By applying the chain rule

$$\frac{\partial {\mathcal{L}}_x}{\partial b}=\frac{\partial {\mathcal{L}}_x}{\partial a}\frac{\partial a}{\partial b}{|}_{a=\sigma (wx+b)}=\frac{\partial {\mathcal{L}}_x}{\partial a}\frac{\partial \sigma }{\partial z}\frac{\partial z}{\partial b}=\frac{\partial {\mathcal{L}}_x}{\partial a}{\sigma }^{\prime }(z)$$

knowing that

$${\sigma }^{\prime }(z)=\sigma (z)(1-\sigma (z))=a(1-a)$$

and imposing the functional analysis constraint, namely, to find a loss function ${\mathcal{L}}_x$ such that

$$\frac{\partial L_x}{\partial b}=(a-y)$$

we get:

$$\frac{\partial {\mathcal{L}}_x}{\partial a}=\frac{\partial {\mathcal{L}}_x}{\partial b}\cdot \frac{1}{{\sigma }^{\prime }(z)}=\frac{a-y}{a(1-a)}$$

Finally, integrating w.r.t. $a$ gives the new loss function:

$$\boxed{{\mathcal{L}}_x=-[y\cdot \log (a)+(1-y)\cdot \log (1-a)]}$$

Proof of the Integration

The calculation of ${\mathcal{L}}_x$ from its partial derivative with respect to $a$ requires solving the following integral:

$${\mathcal{L}}_x=\int \frac{\partial {\mathcal{L}}_x}{\partial a}da=\int \frac{a-y}{a(1-a)}da$$

The integral is solved using the method of partial fraction decomposition. The expression is set up as follows:

$$\frac{a-y}{a(1-a)}=\frac{A}{a}+\frac{B}{1-a}$$

The coefficients $A$ and $B$ are found by multiplying both sides by the common denominator $a(1-a)$:

$$a-y=A(1-a)+B(a)$$

The values of $A$ and $B$ are then determined by substituting strategic values for $a$:

1. For $a=0$: $$0-y=A(1-0)+B(0)⟹-y=A$$
2. For $a=1$: $$1-y=A(1-1)+B(1)⟹1-y=B$$

Substituting the values of $A$ and $B$ back into the decomposed expression gives:

$$\frac{a-y}{a(1-a)}=\frac{-y}{a}+\frac{1-y}{1-a}$$

The integration can now be performed term by term:

$${\mathcal{L}}_x=\int \left(\frac{-y}{a}+\frac{1-y}{1-a}\right)da=-y\int \frac{1}{a}da+(1-y)\int \frac{1}{1-a}da$$

Solving the two simple integrals yields:

• $\int \frac{1}{a}da=\log (a)$
• $\int \frac{1}{1-a}da=-\log (1-a)$ (found via u-substitution where $u=1-a$)

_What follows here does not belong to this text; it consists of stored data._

lemma summable_Wright_half_powser:
  assumes "1/2 \<le> b" "b \<le> 1"
  shows "summable (\<lambda>n. Wright_half_coeff b n * x ^ n)"
proof -
  obtain C where C: "C \<ge> 0" "\<forall>y\<in>{0..1::real}. \<bar>rGamma y\<bar> \<le> C"
    using rGamma_bounded_on_unit_interval by blast
  have "(-x, -1/2, b) \<in> Wright_domain \<bar>x\<bar>" using assms by (auto simp: Wright_domain_def)
  from Wright_term_bound[OF C this]
  have "norm (Wright_half_coeff b n * x ^ n) \<le> C * (\<bar>x\<bar> ^ n / sqrt (fact n))" for n
    by (simp add: Wright_half_coeff_def power_minus[of x] abs_mult mult_ac)
  then show ?thesis
    by (rule summable_comparison_test'[OF summable_mult[OF summable_power_div_sqrt_fact]])
qed

lemma Mainardi_half_powser: "Mainardi (1/2) x = (\<Sum>n. Wright_half_coeff (1/2) n * x ^ n)"
  using Wright_half_powser[of x "1/2"] by (simp add: Mainardi_def)

lemma diffs_Wright_half_coeff: "diffs (Wright_half_coeff 1) = (\<lambda>n. - Wright_half_coeff (1/2) n)"
proof
  fix n
  have arg: "real (Suc n) * (-1/2) + 1 = real n * (-1/2) + 1/2" by (simp add: field_simps)
  have "real (Suc n) * ((-1) ^ Suc n / fact (Suc n)) = - ((-1) ^ n / (fact n :: real))"
    by (simp add: divide_simps del: of_nat_Suc)
  then show "diffs (Wright_half_coeff 1) n = - Wright_half_coeff (1/2) n"
    unfolding diffs_def Wright_half_coeff_def arg by (simp only: mult.assoc[symmetric] of_nat_id)
qed

lemma has_real_derivative_Wright_half:
  "((\<lambda>x. Wright (-x) (-1/2) 1) has_real_derivative - Mainardi (1/2) x) (at x)"
proof -
  have "((\<lambda>x. \<Sum>n. Wright_half_coeff 1 n * x ^ n) has_real_derivative
          (\<Sum>n. diffs (Wright_half_coeff 1) n * x ^ n)) (at x)"
    by (rule termdiffs_strong_converges_everywhere) (rule summable_Wright_half_powser, auto)
  moreover have "(\<Sum>n. diffs (Wright_half_coeff 1) n * x ^ n) = - Mainardi (1/2) x"
    unfolding diffs_Wright_half_coeff Mainardi_half_powser
    by (simp add: suminf_minus[OF summable_Wright_half_powser])
  ultimately show ?thesis unfolding Wright_half_powser by simp
qed

lemma Wright_half_zero: "Wright 0 (-1/2) 1 = 1"
  using Wright_half_powser[of 0 1] powser_zero[of "Wright_half_coeff 1"]
  by (simp add: Wright_half_coeff_def rGamma_inverse_Gamma)

lemma rGamma_half_minus_nat:
  "rGamma (1/2 - real k) = (-1) ^ k * fact (2 * k) / (4 ^ k * fact k * sqrt pi)"
proof (induction k)
  case 0
  then show ?case by (simp add: rGamma_inverse_Gamma Gamma_one_half_real inverse_eq_divide)
next
  case (Suc k)
  have "(1/2 - y) * (s * F / (q * f * p)) = - s * (2 * y * (2 * y - 1) * F) / (4 * q * (y * f) * p)"
    if "y > 0" "q > 0" "f > 0" "p > 0" for y s F q f p :: real
    using that by (simp add: field_simps)
  from this[of "real k + 1" "4 ^ k" "fact k" "sqrt pi" "(-1) ^ k" "fact (2 * k)"]
  show ?case
    using rGamma_plus1[of "1/2 - real (Suc k)"] by (simp add: Suc.IH algebra_simps)
qed

text \<open>Only the even terms survive: the odd ones contain \<open>rGamma\<close> at a non-positive integer.\<close>
lemma Mainardi_half: "Mainardi (1/2) x = exp (- (x\<^sup>2) / 4) / sqrt pi"
proof -
  have "(\<lambda>n. Wright_half_coeff (1/2) n * x ^ n) sums (exp (- (x\<^sup>2) / 4) / sqrt pi)"
  proof (subst sums_mono_reindex[of "\<lambda>k. 2 * k", symmetric])
    show "strict_mono (\<lambda>k::nat. 2 * k)" by (simp add: strict_mono_def)
  next
    fix n assume "n \<notin> range (\<lambda>k::nat. 2 * k)"
    then have "odd n" by auto
    then obtain k where "n = 2 * k + 1" by (rule oddE)
    then have "real n * (-1/2) + 1/2 = - real k" by (simp add: field_simps)
    then show "Wright_half_coeff (1/2) n * x ^ n = 0"
      by (simp add: Wright_half_coeff_def rGamma_inverse_Gamma Gamma_eq_zero_iff)
  next
    have "Wright_half_coeff (1/2) (2 * k) * x ^ (2 * k) = (- (x\<^sup>2) / 4) ^ k /\<^sub>R fact k / sqrt pi" for k
    proof -
      have arg: "real (2 * k) * (-1/2) + 1/2 = 1/2 - real k" by simp
      have sign: "(-1::real) ^ (2 * k) = 1" by (simp add: power_mult)
      have "(- (x\<^sup>2) / 4) ^ k = ((-1) * x\<^sup>2 / 4) ^ k" by simp
      then have pow: "(- (x\<^sup>2) / 4) ^ k = (-1) ^ k * x ^ (2 * k) / 4 ^ k"
        by (simp only: power_divide power_mult_distrib power_mult)
      have "1 / F * (s * F / (q * f * p)) * X = (s * X / q) / f / p"
        if "F > 0" "f > 0" "p > 0" "q > 0" for F f p q s X :: real
        using that by (simp add: field_simps)
      from this[of "fact (2 * k)" "fact k" "sqrt pi" "4 ^ k" "(-1) ^ k" "x ^ (2 * k)"]
      show ?thesis unfolding Wright_half_coeff_def arg rGamma_half_minus_nat sign pow
        by (simp add: inverse_eq_divide)
    qed
    then show "(\<lambda>k. Wright_half_coeff (1/2) (2 * k) * x ^ (2 * k)) sums (exp (- (x\<^sup>2) / 4) / sqrt pi)"
      using sums_divide[OF exp_converges[of "- (x\<^sup>2) / 4"], of "sqrt pi"] by simp
  qed
  then show ?thesis unfolding Mainardi_half_powser by (rule sums_unique[symmetric])
qed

Substituting these results back into the equation gives the final expression:

$${\mathcal{L}}_x=-y\log (a)+(1-y)[-\log (1-a)]=-[y\log (a)+(1-y)\log (1-a)]$$

This new loss function has the advantage of eliminating the ${\sigma }^{\prime }(z)$ term from the derivatives, thus making the gradient more stable and informative, even in the presence of saturated activations.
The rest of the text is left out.